- Studies suggest that spending time with your partner and another couple is an easy way to improve your relationship.
- Couples tend to enjoy the time they spend together with friends even more than they enjoy spending time alone together.
- That’s possibly because you can see those friends admiring your partner the way you once admired them (or still do).
Earlier this month, historian Stephanie Coontz published an op-ed in The New York Times about improving your marriage by acting like a single person.
One sentence jumped out at me: “Aside from having sex, which most of us prefer to do without outsiders around, people enjoy doing activities with their partner and friends together more than with only their spouse.”
This wasn’t something I’d heard before. In fact, it was antithetical to everything I’d heard before, about “date nights” and savouring QT with your QT (sorry).
As evidence, Coontz points to a 2014 study published in the journal Personal Relationships.
For that study, researchers recruited about 150 couples and had half interact with another couple they’d never met before. Half the couples in both groups engaged in small talk; the other half asked each other deeper questions.
Results showed that couples who interacted with another couple and asked each other deep questions showed the greatest increase in passionate love for their own partners at the end of the experiment.
The 2014 study extends the findings of a 2010 study, also published in the journal Personal Relationships. That study, which was smaller, found that couples who had meaningful conversations with other couples felt closer to their own partners afterward.
Data from the Sloan Center’s Five Hundred Family Study at the National Opinion Research Center tells a similar story. As Pamela B. Paresky explains in a blog post for Psychology Today, “the highest-quality time couples spent together was the kid-free time they spent together with friends.”
Seeing other people laugh at your partner’s old stories can remind you how great your partner really is
Coontz suggests that socialising with others lets each partner show off their strengths. She writes: “My husband tells great stories, but I’ve heard most of them and am not interested in hearing them again when we’re by ourselves. When we’re out with others, however, I urge him to tell away. Their positive reaction validates me as well as him.”
Indeed, the 2014 study found that it wasn’t self-disclosure (as in, revealing personal details to another couple) itself that predicted the increase in passionate love within couples.
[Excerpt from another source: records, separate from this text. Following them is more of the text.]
(* Let $\alpha,\beta$ be positive real numbers. Then for all $f,g\in\mathbf H_2(\mathbb H_+)$, \[ \langle R_\alpha f,g\rangle+\langle f,R_\beta g\rangle+(\alpha+\beta)\langle R_\alpha f,R_\beta g\rangle+2\pi\,\overline{g(\beta)}\,f(\alpha)=0, \] where $\langle\cdot,\cdot\rangle$ is the inner product of $\mathbf H_2(\mathbb H_+)$.
   Context: $\mathbb H$ denotes the quaternions, $\mathbb S=\{I\in\mathbb H: I^2=-1\}$, $\mathbb C_I=\{x+Iy:x,y\in\mathbb R\}$, and $\mathbb H_+=\{p\in\mathbb H:{\rm Re}\,p>0\}$. A real differentiable function $f$ on an open set of $\mathbb H$ is (left) slice hyperholomorphic if for every $I\in\mathbb S$ its restriction $f_I$ to $\mathbb C_I$ satisfies $\frac12(\partial_x+I\partial_y)f_I(x+Iy)=0$. $\mathbf H_2(\mathbb H_+)$ is the right quaternionic Hilbert space of slice hyperholomorphic functions $f$ on $\mathbb H_+$ with $\sup_{I\in\mathbb S}\int_{-\infty}^{\infty}|f(Iy)|^2dy<\infty$; its reproducing kernel is $\frac1{2\pi}k(p,q)$ with $k(p,q)=(p+\overline q)^{-\star}$, the slice hyperholomorphic (in $p$) $\star$-inverse of $p+\overline q$, i.e. $k(p,q)=(\overline p+\overline q)(|p|^2+2{\rm Re}(p)\overline q+\overline q^{\,2})^{-1}$. For real $\alpha$ and $f$ slice hyperholomorphic near $\alpha$ with expansion $f(p)=\sum_{n\ge0}(p-\alpha)^nf_n$, $(R_\alpha f)(p)=(p-\alpha)^{-1}(f(p)-f(\alpha))=\sum_{n\ge1}(p-\alpha)^{n-1}f_n$. *)

theory Defs
  imports "HOL-Analysis.Analysis"
begin

section \<open>Quaternions, modelled as real^4 (components 1 = real part, 2,3,4 = i,j,k parts)\<close>

text \<open>Addition, negation, zero, real scalar multiplication and the norm (= quaternion
modulus) are those of the Euclidean space real^4. Note that the numeral 1 of real^4 is NOT
the quaternion 1; use qone / qreal instead.\<close>

type_synonym quat = "real^4"

definition Quat :: "real \<Rightarrow> real \<Rightarrow> real \<Rightarrow> real \<Rightarrow> quat" where
  "Quat a b c d = vector [a, b, c, d]"

definition qRe :: "quat \<Rightarrow> real" where
  "qRe q = q $ 1"

definition qreal :: "real \<Rightarrow> quat" where
  "qreal x = Quat x 0 0 0"

definition qone :: quat where
  "qone = qreal 1"

definition qmul :: "quat \<Rightarrow> quat \<Rightarrow> quat" where
  "qmul p q = Quat
     (p$1*q$1 - p$2*q$2 - p$3*q$3 - p$4*q$4)
     (p$1*q$2 + p$2*q$1 + p$3*q$4 - p$4*q$3)
     (p$1*q$3 - p$2*q$4 + p$3*q$1 + p$4*q$2)
     (p$1*q$4 + p$2*q$3 - p$3*q$2 + p$4*q$1)"

definition qcnj :: "quat \<Rightarrow> quat" where
  "qcnj q = Quat (q$1) (- q$2) (- q$3) (- q$4)"

definition qinv :: "quat \<Rightarrow> quat" where
  "qinv q = (1 / (norm q)^2) *\<^sub>R qcnj q"

definition qS :: "quat set" where
  "qS = {I. qmul I I = - qone}"

definition slice_pt :: "quat \<Rightarrow> real \<Rightarrow> real \<Rightarrow> quat" where
  "slice_pt I x y = qreal x + y *\<^sub>R I"

definition Hplus :: "quat set" where
  "Hplus = {p. qRe p > 0}"

definition slice_hol :: "quat set \<Rightarrow> (quat \<Rightarrow> quat) \<Rightarrow> bool" where
  "slice_hol U f \<longleftrightarrow> open U \<and> (\<forall>p\<in>U. f differentiable (at p)) \<and>
     (\<forall>I\<in>qS. \<forall>x y. slice_pt I x y \<in> U \<longrightarrow>
        (1/2) *\<^sub>R (vector_derivative (\<lambda>t. f (slice_pt I t y)) (at x)
                 + qmul I (vector_derivative (\<lambda>t. f (slice_pt I x t)) (at y))) = 0)"

definition H2 :: "(quat \<Rightarrow> quat) set" where
  "H2 = {f. slice_hol Hplus f \<and>
      (\<exists>B. \<forall>I\<in>qS. \<forall>x>0.
          integrable lborel (\<lambda>y. (norm (f (slice_pt I x y)))^2) \<and>
          (\<integral>y. (norm (f (slice_pt I x y)))^2 \<partial>lborel) \<le> B)}"

text \<open>Inner product  <f,g> = int conj(g(Iy)) f(Iy) dy  (independent of I in S), the
boundary integral being the limit of the integrals over the lines Re p = x as x tends to 0+.\<close>
definition H2_inner :: "quat \<Rightarrow> (quat \<Rightarrow> quat) \<Rightarrow> (quat \<Rightarrow> quat) \<Rightarrow> quat" where
  "H2_inner I f g = Lim (at_right 0)
     (\<lambda>x::real. \<integral>y. qmul (qcnj (g (slice_pt I x y))) (f (slice_pt I x y)) \<partial>lborel)"

definition Rsh :: "real \<Rightarrow> (quat \<Rightarrow> quat) \<Rightarrow> quat \<Rightarrow> quat" where
  "Rsh \<alpha> f p = (if p = qreal \<alpha> then vector_derivative (\<lambda>t. f (qreal t)) (at \<alpha>)
                 else qmul (qinv (p - qreal \<alpha>)) (f p - f (qreal \<alpha>)))"

end

theory Submission
  imports Defs "HOL-Complex_Analysis.Complex_Analysis" "HOL-Probability.Sinc_Integral"
begin

text \<open>
  On a line \<open>p = x + I y\<close> with \<open>0 < x < min \<alpha> \<beta>\<close> write \<open>f(p) = (p - \<alpha>) R\<^sub>\<alpha>f(p) + f(\<alpha>)\<close> and
  \<open>g(p) = (p - \<beta>) R\<^sub>\<beta>g(p) + g(\<beta>)\<close>. Since \<open>conj (p - \<beta>) + (p - \<alpha>) + \<alpha> + \<beta> = 2x\<close>, the integrand of the
  left-hand side, taken over this line, becomes
  \<open>2x conj(R\<^sub>\<beta>g) R\<^sub>\<alpha>f + conj(g(\<beta>)) R\<^sub>\<alpha>f + conj(R\<^sub>\<beta>g) f(\<alpha>)\<close>.
  Cauchy's formula on the vertical line evaluates the last two terms to \<open>-2\<pi> conj(g(\<beta>)) f(\<alpha>)\<close>, and the
  first one vanishes as \<open>x \<rightarrow> 0+\<close>.

  All computations take place in the slice \<open>\<complex>\<^sub>I\<close>: choosing a unit \<open>J\<close> orthogonal to \<open>1\<close> and \<open>I\<close>, a
  quaternion splits as \<open>z\<^sub>1 + z\<^sub>2 J\<close> with \<open>z\<^sub>1, z\<^sub>2 \<in> \<complex>\<^sub>I\<close>, and the two components of a slice
  hyperholomorphic function are holomorphic. The line integrals converge as \<open>x \<rightarrow> 0+\<close>: for holomorphic
  functions whose \<open>L\<^sup>2\<close> norms on vertical lines are bounded, the pairing of the lines \<open>Re z = x\<close> and
  \<open>Re z = s\<close> depends only on \<open>x + s\<close> (Cauchy's theorem), so the squared norm on the line \<open>Re z = x\<close> is a
  bounded midpoint convex function of \<open>x\<close>, which has a limit at \<open>0\<close>; polarization gives the pairings.
\<close>

no_notation fps_nth (infixl \<open>$\<close> 75)

section \<open>Quaternion arithmetic\<close>

lemma Quat_nth [simp]:
  "Quat a b c d $ 1 = a" "Quat a b c d $ 2 = b" "Quat a b c d $ 3 = c" "Quat a b c d $ 4 = d"
  unfolding Quat_def vector_def by simp_all

lemma quat_eq_iff: "(p::quat) = q \<longleftrightarrow> p$1 = q$1 \<and> p$2 = q$2 \<and> p$3 = q$3 \<and> p$4 = q$4"
  by (simp add: vec_eq_iff forall_4)

lemma qmul_nth [simp]:
  "qmul p q $ 1 = p$1*q$1 - p$2*q$2 - p$3*q$3 - p$4*q$4"
  "qmul p q $ 2 = p$1*q$2 + p$2*q$1 + p$3*q$4 - p$4*q$3"
  "qmul p q $ 3 = p$1*q$3 - p$2*q$4 + p$3*q$1 + p$4*q$2"
  "qmul p q $ 4 = p$1*q$4 + p$2*q$3 - p$3*q$2 + p$4*q$1"
  by (simp_all add: qmul_def)

lemma qcnj_nth [simp]:
  "qcnj q $ 1 = q$1" "qcnj q $ 2 = - q$2" "qcnj q $ 3 = - q$3" "qcnj q $ 4 = - q$4"
  by (simp_all add: qcnj_def)

lemma qreal_nth [simp]:
  "qreal a $ 1 = a" "qreal a $ 2 = 0" "qreal a $ 3 = 0" "qreal a $ 4 = 0"
  by (simp_all add: qreal_def)

lemma qone_nth [simp]:
  "qone $ 1 = 1" "qone $ 2 = 0" "qone $ 3 = 0" "qone $ 4 = 0"
  by (simp_all add: qone_def)

lemma inner_quat: "inner (p::quat) q = p$1*q$1 + p$2*q$2 + p$3*q$3 + p$4*q$4"
  by (simp add: inner_vec_def sum_4)

lemma norm_quat_sq: "(norm (q::quat))\<^sup>2 = (q$1)\<^sup>2 + (q$2)\<^sup>2 + (q$3)\<^sup>2 + (q$4)\<^sup>2"
  unfolding power2_norm_eq_inner inner_quat by (simp add: power2_eq_square)

lemma qmul_assoc: "qmul (qmul a b) c = qmul a (qmul b c)"
  by (simp add: quat_eq_iff algebra_simps)

lemma qmul_add_left: "qmul (a + b) c = qmul a c + qmul b c"
  by (simp add: quat_eq_iff algebra_simps)

lemma qmul_add_right: "qmul a (b + c) = qmul a b + qmul a c"
  by (simp add: quat_eq_iff algebra_simps)

lemma qmul_scaleR_left: "qmul (r *\<^sub>R a) c = r *\<^sub>R qmul a c"
  by (simp add: quat_eq_iff algebra_simps)

lemma qmul_scaleR_right: "qmul a (r *\<^sub>R c) = r *\<^sub>R qmul a c"
  by (simp add: quat_eq_iff algebra_simps)

lemma qmul_qone [simp]: "qmul qone a = a" "qmul a qone = a"
  by (simp_all add: quat_eq_iff)

lemma qmul_minus_left: "qmul (- a) b = - qmul a b"
  by (simp add: quat_eq_iff)

lemma qcnj_add: "qcnj (a + b) = qcnj a + qcnj b"
  and qcnj_scaleR: "qcnj (r *\<^sub>R a) = r *\<^sub>R qcnj a"
  by (simp_all add: quat_eq_iff)

lemma norm_qmul: "norm (qmul p q) = norm p * norm q"
proof -
  have "(norm (qmul p q))\<^sup>2 = (norm p * norm q)\<^sup>2"
    by (simp add: norm_quat_sq power_mult_distrib) (simp add: power2_eq_square algebra_simps)
  then show ?thesis by (simp add: power2_eq_iff_nonneg)
qed

lemma norm_qcnj [simp]: "norm (qcnj q) = norm q"
proof -
  have "(norm (qcnj q))\<^sup>2 = (norm q)\<^sup>2" by (simp add: norm_quat_sq)
  then show ?thesis by (simp add: power2_eq_iff_nonneg)
qed

lemma qmul_qcnj_self: "qmul P (qcnj P) = qreal ((norm P)\<^sup>2)"
proof -
  have n2: "(norm P)\<^sup>2 = P$1*P$1 + P$2*P$2 + P$3*P$3 + P$4*P$4"
    unfolding norm_quat_sq by (simp add: power2_eq_square)
  show ?thesis unfolding n2 by (simp add: quat_eq_iff algebra_simps)
qed

lemma qmul_qinv_cancel_left:
  assumes "P \<noteq> 0"
  shows "qmul P (qmul (qinv P) w) = w"
proof -
  have n: "norm P \<noteq> 0" using assms by simp
  have "qmul P (qinv P) = qone"
    unfolding qinv_def qmul_scaleR_right qmul_qcnj_self using n
    by (simp add: quat_eq_iff)
  then show ?thesis by (simp flip: qmul_assoc)
qed

lemma bounded_linear_qmul_left: "bounded_linear (\<lambda>q. qmul a q)"
proof (rule bounded_linear_intro[where K="norm a"])
  show "qmul a (x + y) = qmul a x + qmul a y" for x y by (rule qmul_add_right)
  show "qmul a (r *\<^sub>R x) = r *\<^sub>R qmul a x" for r x by (rule qmul_scaleR_right)
  show "norm (qmul a x) \<le> norm x * norm a" for x by (simp add: norm_qmul)
qed

lemma bounded_linear_qmul_right: "bounded_linear (\<lambda>q. qmul q a)"
proof (rule bounded_linear_intro[where K="norm a"])
  show "qmul (x + y) a = qmul x a + qmul y a" for x y by (rule qmul_add_left)
  show "qmul (r *\<^sub>R x) a = r *\<^sub>R qmul x a" for r x by (rule qmul_scaleR_left)
  show "norm (qmul x a) \<le> norm x * norm a" for x by (simp add: norm_qmul)
qed
(* Let $\mathbf C$ and $\mathbf D$ be categories given by presentations (generators and relations) which are cliques. Let $O_{\mathbf C}$ be a nonempty set of objects of $\mathbf C$ and $G_{\mathbf C}$ a set of generators of $\mathbf C$ between objects of $O_{\mathbf C}$, and similarly $O_{\mathbf D}$, $G_{\mathbf D}$ for $\mathbf D$. Let $\alpha:O_{\mathbf C}\to O_{\mathbf D}$ and $\beta:G_{\mathbf C}\to G_{\mathbf D}$ be compatible bijections (if $g:a\to b$ then $\beta(g):\alpha(a)\to\alpha(b)$). Suppose the subcategory of $\mathbf D$ with objects $O_{\mathbf D}$ generated by $G_{\mathbf D}$ is a full subcategory of $\mathbf D$. Then the category $G(\alpha,\beta)$ is a clique.
   Context: A clique (abstract clique) is a category with a nonempty set of objects and exactly one morphism between each ordered pair of objects (equivalently a nonempty connected thin groupoid). $G(\alpha,\beta)$ is the category presented as follows: its objects are the pushout of the object sets of $\mathbf C$ and $\mathbf D$ along the bijection $\alpha$ (objects of $O_{\mathbf C}$ identified with their images); its generators are the pushout of the generators of $\mathbf C$ and of $\mathbf D$ along $\beta$; its relations are all relations of $\mathbf C$ and all relations of $\mathbf D$. *)

theory Defs
  imports Main
begin

text \<open>A presentation of a category: objects, generators with source and target,
  and relations, each relation being a pair of parallel paths p, q from a to b,
  recorded as (a, b, p, q).  A path is a list of composable generators together
  with its endpoints (the empty path at a is the identity of a).\<close>

record ('o, 'g) pres =
  obj :: "'o set"
  gen :: "'g set"
  src :: "'g \<Rightarrow> 'o"
  tgt :: "'g \<Rightarrow> 'o"
  rel :: "('o \<times> 'o \<times> 'g list \<times> 'g list) set"

fun is_path :: "('o, 'g, 'z) pres_scheme \<Rightarrow> 'o \<Rightarrow> 'g list \<Rightarrow> 'o \<Rightarrow> bool" where
  "is_path P a [] b = (a = b \<and> a \<in> obj P)"
| "is_path P a (g # gs) b =
     (a \<in> obj P \<and> g \<in> gen P \<and> src P g = a \<and> is_path P (tgt P g) gs b)"

definition wf_pres :: "('o, 'g, 'z) pres_scheme \<Rightarrow> bool" where
  "wf_pres P \<longleftrightarrow>
     (\<forall>g\<in>gen P. src P g \<in> obj P \<and> tgt P g \<in> obj P) \<and>
     (\<forall>(a, b, p, q)\<in>rel P. is_path P a p b \<and> is_path P a q b)"

text \<open>Equality of morphisms in the presented category: the congruence on paths
  a \<rightarrow> b generated by the relations.\<close>

inductive peq :: "('o, 'g, 'z) pres_scheme \<Rightarrow> 'o \<Rightarrow> 'o \<Rightarrow> 'g list \<Rightarrow> 'g list \<Rightarrow> bool"
  for P where
  peq_rel: "(c, d, p, q) \<in> rel P \<Longrightarrow> is_path P a u c \<Longrightarrow> is_path P d v b \<Longrightarrow>
            peq P a b (u @ p @ v) (u @ q @ v)"
| peq_refl: "is_path P a p b \<Longrightarrow> peq P a b p p"
| peq_sym: "peq P a b p q \<Longrightarrow> peq P a b q p"
| peq_trans: "peq P a b p q \<Longrightarrow> peq P a b q r \<Longrightarrow> peq P a b p r"

definition clique :: "('o, 'g, 'z) pres_scheme \<Rightarrow> bool" where
  "clique P \<longleftrightarrow> obj P \<noteq> {} \<and>
     (\<forall>a\<in>obj P. \<forall>b\<in>obj P. (\<exists>p. is_path P a p b) \<and>
        (\<forall>p q. is_path P a p b \<longrightarrow> is_path P a q b \<longrightarrow> peq P a b p q))"

definition full_generated_subcat :: "('o, 'g, 'z) pres_scheme \<Rightarrow> 'o set \<Rightarrow> 'g set \<Rightarrow> bool" where
  "full_generated_subcat P Os Gs \<longleftrightarrow>
     (\<forall>a\<in>Os. \<forall>b\<in>Os. \<forall>p. is_path P a p b \<longrightarrow>
        (\<exists>q. set q \<subseteq> Gs \<and> is_path P a q b \<and> peq P a b p q))"

text \<open>The pushout of object sets along the
  bijection alpha is realised concretely: objects of O_C are identified with their
  images, so the objects are (obj C - O_C) (tagged Inl) together with obj D
  (tagged Inr); likewise for generators along beta.\<close>

definition glue_obj :: "'a set \<Rightarrow> ('a \<Rightarrow> 'c) \<Rightarrow> 'a \<Rightarrow> 'a + 'c" where
  "glue_obj OC \<alpha> x = (if x \<in> OC then Inr (\<alpha> x) else Inl x)"

definition glue_gen :: "'b set \<Rightarrow> ('b \<Rightarrow> 'd) \<Rightarrow> 'b \<Rightarrow> 'b + 'd" where
  "glue_gen GC \<beta> g = (if g \<in> GC then Inr (\<beta> g) else Inl g)"

definition G_pres ::
  "('a, 'b) pres \<Rightarrow> ('c, 'd) pres \<Rightarrow> 'a set \<Rightarrow> 'b set \<Rightarrow> ('a \<Rightarrow> 'c) \<Rightarrow> ('b \<Rightarrow> 'd)
   \<Rightarrow> ('a + 'c, 'b + 'd) pres" where
  "G_pres C D OC GC \<alpha> \<beta> =
    \<lparr> obj = Inl ` (obj C - OC) \<union> Inr ` obj D,
      gen = Inl ` (gen C - GC) \<union> Inr ` gen D,
      src = case_sum (\<lambda>g. glue_obj OC \<alpha> (src C g)) (\<lambda>g. Inr (src D g)),
      tgt = case_sum (\<lambda>g. glue_obj OC \<alpha> (tgt C g)) (\<lambda>g. Inr (tgt D g)),
      rel = (\<lambda>(a, b, p, q). (glue_obj OC \<alpha> a, glue_obj OC \<alpha> b,
                             map (glue_gen GC \<beta>) p, map (glue_gen GC \<beta>) q)) ` rel C
          \<union> (\<lambda>(a, b, p, q). (Inr a, Inr b, map Inr p, map Inr q)) ` rel D \<rparr>"

end

theory Submission
  imports Defs
begin

text \<open>Fix some o in O_C and use \<alpha> o as base object of G(\<alpha>, \<beta>).  To every object x assign a
  path \<sigma> x from the base to x, taken inside C or inside D.  Because C and D are cliques,
  the image of any path of C (resp. D) from the base to x is equivalent in G(\<alpha>, \<beta>) to \<sigma> x;
  for x in O_C the two readings agree because fullness replaces the D-path by one through
  G_D, which \<beta> lifts back to a path in C.  Hence \<sigma> x @ [g] is equivalent to \<sigma> y for every
  generator g: x \<rightarrow> y, and every \<sigma> x has a left inverse.  By induction on paths, any path
  p: a \<rightarrow> b is then equivalent to t @ \<sigma> b, where t is the left inverse of \<sigma> a.\<close>

lemma is_path_obj: "is_path P a p b \<Longrightarrow> a \<in> obj P \<and> b \<in> obj P"
  by (induction p arbitrary: a) auto

lemma is_path_append: "is_path P a (p @ q) c \<longleftrightarrow> (\<exists>b. is_path P a p b \<and> is_path P b q c)"
  by (induction p arbitrary: a) (auto dest: is_path_obj)

lemma peq_whisker:
  "peq P a b p q \<Longrightarrow> is_path P c u a \<Longrightarrow> is_path P b v d \<Longrightarrow> peq P c d (u @ p @ v) (u @ q @ v)"
proof (induction arbitrary: c u d v rule: peq.induct)
  case (peq_rel c' d' p q a u' v' b)
  have "is_path P c (u @ u') c'" "is_path P d' (v' @ v) d"
    using peq_rel by (auto simp: is_path_append)
  from peq.peq_rel[OF peq_rel(1) this] show ?case by simp
next
  case (peq_refl a p b)
  then show ?case by (intro peq.peq_refl) (meson is_path_append)
next
  case (peq_sym a b p q)
  then show ?case by (auto intro: peq.peq_sym)
next
  case (peq_trans a b p q r)
  then show ?case by (meson peq.peq_trans)
qed

lemma clique_connected: "clique P \<Longrightarrow> a \<in> obj P \<Longrightarrow> b \<in> obj P \<Longrightarrow> \<exists>p. is_path P a p b"
  unfolding clique_def by blast

lemma clique_some_path:
  "clique P \<Longrightarrow> a \<in> obj P \<Longrightarrow> b \<in> obj P \<Longrightarrow> is_path P a (SOME p. is_path P a p b) b"
  by (rule someI_ex) (rule clique_connected)

lemma clique_peq: "clique P \<Longrightarrow> is_path P a p b \<Longrightarrow> is_path P a q b \<Longrightarrow> peq P a b p q"
  unfolding clique_def by (metis is_path_obj)

lemma clique_if_coherent_spine:
  assumes "z \<in> obj P"
    and spine_path: "\<And>x. x \<in> obj P \<Longrightarrow> is_path P z (\<sigma> x) x"
    and spine_inv: "\<And>x. x \<in> obj P \<Longrightarrow> \<exists>t. is_path P x t z \<and> peq P x x (t @ \<sigma> x) []"
    and spine_gen: "\<And>g. g \<in> gen P \<Longrightarrow> peq P z (tgt P g) (\<sigma> (src P g) @ [g]) (\<sigma> (tgt P g))"
  shows "clique P"
proof -
  have z: "is_path P z [] z" using \<open>z \<in> obj P\<close> by simp
  have absorb: "peq P z y (\<sigma> x @ p) (\<sigma> y)" if "is_path P x p y" for x p y
    using that
  proof (induction p arbitrary: x)
    case Nil
    then show ?case using spine_path by (auto intro: peq.peq_refl)
  next
    case (Cons g p)
    then have g: "g \<in> gen P" "src P g = x" "is_path P (tgt P g) p y" by auto
    have "peq P z y ([] @ (\<sigma> x @ [g]) @ p) ([] @ \<sigma> (tgt P g) @ p)"
      using peq_whisker[OF spine_gen[OF g(1)] z g(3)] g(2) by simp
    then show ?case using Cons.IH[OF g(3)] by (auto intro: peq.peq_trans)
  qed
  obtain \<tau> where \<tau>: "\<And>x. x \<in> obj P \<Longrightarrow> is_path P x (\<tau> x) z \<and> peq P x x (\<tau> x @ \<sigma> x) []"
    using spine_inv by metis
  have canonical: "peq P a b p (\<tau> a @ \<sigma> b)" if p: "is_path P a p b" for a p b
  proof -
    have ab: "a \<in> obj P" "b \<in> obj P" using is_path_obj[OF p] by auto
    have "is_path P a [] a" using ab by simp
    with p \<tau>[OF ab(1)] have "peq P a b ([] @ [] @ p) ([] @ (\<tau> a @ \<sigma> a) @ p)"
      by (blast intro: peq_whisker peq.peq_sym)
    moreover have "is_path P b [] b" using ab by simp
    with p \<tau>[OF ab(1)] have "peq P a b (\<tau> a @ (\<sigma> a @ p) @ []) (\<tau> a @ \<sigma> b @ [])"
      by (blast intro: peq_whisker absorb)
    ultimately show ?thesis by (auto intro: peq.peq_trans)
  qed
  show ?thesis
    unfolding clique_def
  proof (intro conjI ballI allI impI)
    show "obj P \<noteq> {}" using \<open>z \<in> obj P\<close> by auto
  next
    fix a b assume "a \<in> obj P" "b \<in> obj P"
    then show "\<exists>p. is_path P a p b" using spine_inv spine_path by (meson is_path_append)
  next
    fix a b p q assume "is_path P a p b" "is_path P a q b"
    then show "peq P a b p q" using canonical by (meson peq.peq_sym peq.peq_trans)
  qed
qed

definition pres_hom ::
  "('o, 'g, 'z) pres_scheme \<Rightarrow> ('o', 'g', 'z') pres_scheme \<Rightarrow> ('o \<Rightarrow> 'o') \<Rightarrow> ('g \<Rightarrow> 'g') \<Rightarrow> bool"
where
  "pres_hom P Q fo fg \<longleftrightarrow>
     (\<forall>a\<in>obj P. fo a \<in> obj Q) \<and>
     (\<forall>g\<in>gen P. fg g \<in> gen Q \<and> src Q (fg g) = fo (src P g) \<and> tgt Q (fg g) = fo (tgt P g)) \<and>
     (\<forall>(a, b, p, q)\<in>rel P. (fo a, fo b, map fg p, map fg q) \<in> rel Q)"

lemma pres_hom_is_path:
  "pres_hom P Q fo fg \<Longrightarrow> is_path P a p b \<Longrightarrow> is_path Q (fo a) (map fg p) (fo b)"
  by (induction p arbitrary: a) (auto simp: pres_hom_def)

lemma pres_hom_peq:
  assumes "pres_hom P Q fo fg"
  shows "peq P a b p q \<Longrightarrow> peq Q (fo a) (fo b) (map fg p) (map fg q)"
proof (induction rule: peq.induct)
  case (peq_rel c d p q a u v b)
  have "(fo c, fo d, map fg p, map fg q) \<in> rel Q"
    using peq_rel(1) assms by (fastforce simp: pres_hom_def)
  from peq.peq_rel[OF this pres_hom_is_path[OF assms peq_rel(2)] pres_hom_is_path[OF assms peq_rel(3)]]
  show ?case by simp
next
  case (peq_refl a p b)
  then show ?case by (intro peq.peq_refl pres_hom_is_path[OF assms])
next
  case (peq_sym a b p q)
  show ?case using peq_sym.IH by (rule peq.peq_sym)
next
  case (peq_trans a b p q r)
  show ?case using peq_trans.IH by (rule peq.peq_trans)
qed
Instead, it was mostly the way the other couple reacted to those disclosures.
Ultimately, this research doesn’t suggest you should never spend time alone with your partner. Especially in the early stages of your relationship – i.e. when you haven’t yet heard the same stories 100 times – it makes sense to get to know your partner in a more private setting.
But once your relationship has progressed to a more serious phase, double dating can be a useful way to both stave off boredom and reignite your passion for each other.